The data used in this workflow comes from an RNA-seq experiment where airway smooth muscle cells were treated with dexamethasone, a synthetic glucocorticoid steroid with anti-inflammatory effects (Himes et al. 2014). Glucocorticoids are used, for example, by people with asthma to reduce inflammation of the airways. In the experiment, four human airway smooth muscle cell lines were treated with 1 micromolar dexamethasone for 18 hours. For each of the four cell lines, we have a treated and an untreated sample. For more description of the experiment see the article, PubMed entry [PMID: 24926665](https://pubmed.ncbi.nlm.nih.gov/24926665/), and for raw data see the GEO entry [GSE52778](https://www.ncbi.nlm.nih.gov/geo/query/acc.cgi?acc=GSE52778).

We will conduct an analysis at the gene and transcript level by starting from quantification using the fast alignment-free transcript mapper Salmon. 
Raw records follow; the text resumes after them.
lemma card_primes_less: "prime p \<Longrightarrow> real (card {q. prime q \<and> q < p}) = real (primes_pi (real p)) - 1"
proof -
  assume "prime p"
  have "{q. prime q \<and> q < p} = {q. prime q \<and> q \<le> p} - {p}" by auto
  also have "real (card \<dots>) = real (card {q. prime q \<and> q \<le> p}) - 1"
    using \<open>prime p\<close> by (intro of_nat_card_Diff_singleton) auto
  finally show ?thesis by (simp add: primes_pi_of_nat)
qed

lemma enumerate_le_eq_image:
  fixes S :: "nat set"
  assumes "infinite S"
  shows "{s \<in> S. s \<le> enumerate S n} = enumerate S ` {..n}"
proof
  show "{s \<in> S. s \<le> enumerate S n} \<subseteq> enumerate S ` {..n}"
  proof
    fix s assume s: "s \<in> {s \<in> S. s \<le> enumerate S n}"
    then obtain i where i: "s = enumerate S i" using range_enumerate[OF assms] by blast
    then have "i \<le> n" using s enumerate_mono_le_iff[OF assms] by simp
    then show "s \<in> enumerate S ` {..n}" using i by blast
  qed
  show "enumerate S ` {..n} \<subseteq> {s \<in> S. s \<le> enumerate S n}"
    using enumerate_in_set[OF assms] enumerate_mono_le_iff[OF assms] by auto
qed

lemma card_enumerate_le:
  fixes S :: "nat set"
  assumes "infinite S"
  shows "card {s \<in> S. s \<le> enumerate S n} = Suc n"
proof -
  have "inj_on (enumerate S) {..n}"
    using strict_mono_enumerate[OF assms] by (rule strict_mono_imp_inj_on)
  then show ?thesis unfolding enumerate_le_eq_image[OF assms] by (simp add: card_image)
qed

lemma prime_nth_prime: "prime (nth_prime j)"
  unfolding nth_prime_def using enumerate_in_set[OF primes_infinite] by simp

lemma primes_pi_nth_prime: "1 \<le> j \<Longrightarrow> primes_pi (real (nth_prime j)) = j"
  using card_enumerate_le[OF primes_infinite, of "j - 1"]
  by (simp add: primes_pi_def nth_prime_def)

lemma nth_prime_primes_pi: "prime q \<Longrightarrow> nth_prime (primes_pi (real q)) = q"
proof -
  assume "prime q"
  then obtain i where i: "enumerate {q. prime q} i = q"
    using range_enumerate[OF primes_infinite] by (metis mem_Collect_eq rangeE)
  then have "primes_pi (real q) = Suc i"
    using card_enumerate_le[OF primes_infinite, of i] by (simp add: primes_pi_def)
  then show ?thesis using i by (simp add: nth_prime_def)
qed

lemma primes_pi_ge_1: "prime q \<Longrightarrow> 1 \<le> primes_pi (real q)"
  unfolding primes_pi_def using finite_of_nat_le[of "real q"]
  by (simp add: Suc_le_eq card_gt_0_iff) blast

lemma nth_prime_le_iff: "1 \<le> j \<Longrightarrow> real (nth_prime j) \<le> x \<longleftrightarrow> j \<le> primes_pi x"
proof
  assume "1 \<le> j" "real (nth_prime j) \<le> x"
  then show "j \<le> primes_pi x" using primes_pi_mono primes_pi_nth_prime by metis
next
  assume j: "1 \<le> j" "j \<le> primes_pi x"
  show "real (nth_prime j) \<le> x"
  proof (rule ccontr)
    let ?P = "{q. prime q \<and> real q \<le> real (nth_prime j)}"
    assume "\<not> real (nth_prime j) \<le> x"
    then have "{q. prime q \<and> real q \<le> x} \<subseteq> ?P - {nth_prime j}"
      by auto
    then have "primes_pi x \<le> card (?P - {nth_prime j})"
      unfolding primes_pi_def by (rule card_mono[rotated]) (simp add: finite_of_nat_le)
    also have "\<dots> = j - 1"
      using j primes_pi_nth_prime[of j] prime_nth_prime[of j]
      by (simp add: card_Diff_singleton finite_of_nat_le primes_pi_def)
    finally show False using j by simp
  qed
qed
This can be done as follows: 

- Building index with salmon
```
salmon index --gencode -t gencode.v32.transcripts.fa -i gencode.v32_salmon_index
```

- Mapping one sample with salmon:
```
salmon quant -i gencode.v32_salmon_index -l A --gcBias -1 SRR1039508_subset_1.fastq -2 SRR1039508_subset_2.fastq --validateMappings -o quant/SRR1039508_subset_quant
```

More details can be found in [Intro to salmon](https://combine-lab.github.io/salmon/getting_started/). 
The mapped output from Salmon can be found at:  [data](https://github.com/statOmics/SGA/archive/airwaySeqData.zip).

1. Import the data with tximeta package: see [tximeta](https://bioconductor.org/packages/release/bioc/vignettes/tximeta/inst/doc/tximeta.html#Running_tximeta) vignette on bioconductor
2. Run a DE analysis on the gene-level counts with quasi-likelihood workflow of edgeR
3. Run a DE analysis on the transcript level counts with quasi-likelihood workflow of edgeR
4. Run a transcript usage analysis  

Tip: I had to use the argument `importer=read.delim` in the tximeta function because the default function to read the files returned an error on my laptop.